Получается иногда весьма интенсивная как бы духовная жизнь. С долгими как бы исповедями (на самом деле — разговорами по душам) и как бы послушанием (на самом деле — своеволием под прикрытием благословения). Чем такая фальшивая духовность, лучше честно не иметь духовного отца, если Господь его не послал или пока не послал.
Да и многие ли из нас, священников, внутренне готовы быть духовными отцами не по имени только, а по сути? Страсть считаться духовником иной раз принимает форму зависимости, как у артистов — от оваций. Я знал одного, тогда молодого священника, который хвастался, что у него 500 духовных чад. На вопрос, откуда так много, он ответил, что, когда кто-то к нему приходит на исповедь первый раз, он его сразу объявляет своим духовным чадом и велит в дальнейшем исповедоваться только у него. Такое поведение священника конечно недопустимо.
О НЕРАЗУМНОЙ РЕВНОСТИ ОТЦОВ
Ревнивое отношение к духовным чадам порождается в нас тщеславием. А кто же от него совсем чист? Например, исповедуем мы, два батюшки, людей, ко мне уже никто не стоит, а к нему восемь человек, я машу рукой — идите ко мне, — а они не хотят, мне это обидно — меня не оценили. А если, наоборот, — у меня восемь человек, а к нему не идут, — это тешит мое чувство собственной значимости. Если священник осознает, что происходит, и искренне кается в своем тщеславии, то это куда ни шло: не на пятерку, но хоть на тройку.
Если же священник не осознает своего тщеславия, а оправдывает себя, то его лицемерие будет заражать и его духовных чад. Внешне все может быть благообразно — я буду говорить людям правильные по сути вещи, что, мол, лучше ходить к одному священнику, чтобы не путаться в разных советах, а иметь при этом в виду, что ходить надо именно ко мне.
И прихожане будут чувствовать, что батюшке неприятно, когда человек ходил на исповедь к нему, потом подошел к другому. Священник слова не сказал, виду не подал, но сердце сердцу весть подает. Не раз приходилось слышать от людей, что ходил к одному, потом хотел обратиться к другому, но неудобно, потому что батюшка обидится. Это «неудобно» здесь совершенно неуместно.
Прихожанину при выборе духовника совсем не нужно заботиться, как бы не обидеть батюшку. Ведь при выборе врача мы об этом не думаем. Например, я болею и знаю, что доктор Шувалов обидится, если я пойду не к нему, а к Ерофееву, но если мне знающие люди скажут, что Ерофеев более опытный врач и лучше разбира¬ется в моей болезни, я пойду к Ерофееву, потому что прежде всего хочу вылечиться. А вечное спасение не менее важно, чем телесное здоровье, поэтому в поисках духовного наставника, как и в поисках врача, надо в первую очередь исходить из того, что мне полезней. Священник же как христианин должен сам бороться со сво¬им тщеславием.

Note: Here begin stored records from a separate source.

lemma AE_eventually_exists_greater:
  "AE \<omega> in M. \<forall>\<^sub>F i in sequentially. \<exists>n<i. i < K n \<omega>"
proof -
  have "AE \<omega> in M. \<forall>\<^sub>F v in sequentially. \<omega> \<notin> {\<omega> \<in> space M. \<forall>n<v. K n \<omega> < 2 * v}"
  proof (rule AE_eventually_not_of_summable)
    show "\<forall>\<^sub>F v in sequentially.
        prob {\<omega> \<in> space M. \<forall>n<v. K n \<omega> < 2 * v} \<le> 256 * zeta54\<^sup>2 * real v powr (-3/2)"
      using eventually_ge_at_top[of 1]
      by (rule eventually_mono) (rule prob_all_less_double_le)
    show "summable (\<lambda>v. 256 * zeta54\<^sup>2 * real v powr (-3/2))"
      by (intro summable_mult) (simp add: summable_real_powr_iff)
  qed measurable
  then show ?thesis
  proof (rule AE_mp, intro AE_I2 impI)
    fix \<omega> assume "\<omega> \<in> space M"
      and "\<forall>\<^sub>F v in sequentially. \<omega> \<notin> {\<omega> \<in> space M. \<forall>n<v. K n \<omega> < 2 * v}"
    then have "\<forall>\<^sub>F v in sequentially. \<exists>n<v. 2 * v \<le> K n \<omega>"
      by (simp add: not_less)
    then show "\<forall>\<^sub>F i in sequentially. \<exists>n<i. i < K n \<omega>"
    proof (rule eventually_mono)
      fix i assume "\<exists>n<i. 2 * i \<le> K n \<omega>"
      then obtain n where "n < i" "2 * i \<le> K n \<omega>" by blast
      then show "\<exists>n<i. i < K n \<omega>" by (intro exI[of _ n]) simp
    qed
  qed
qed

end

Из чьих рук принять Святые Тайны или кто меня помажет елеем, можно и совсем не выбирать, — тут личность священника значит немного. Но, если я нуждаюсь в наставлении, даже разовом, то обращаться надо к тому, к кому имею доверие, от кого надеюсь получить совет для спасения души. Тем более ответственно нужно подходить к выбору духовного отца, руководителя на пути ко спасению.
О НЕРАЗУМНОЙ РЕВНОСТИ ДУХОВНЫХ ЧАД
Пристрастие духовных чад к наставникам — отнюдь не новое явление в церковной жизни. Еще у апостола Павла читаем об этом: «У вас говорят: „я Павлов“; „я Аполлосов“; „я Кифин“; „а я Христов“. Разве разделился Христос? разве Павел распялся за вас? или во имя Павла вы крестились?» (1 Кор. 1, 12, 13).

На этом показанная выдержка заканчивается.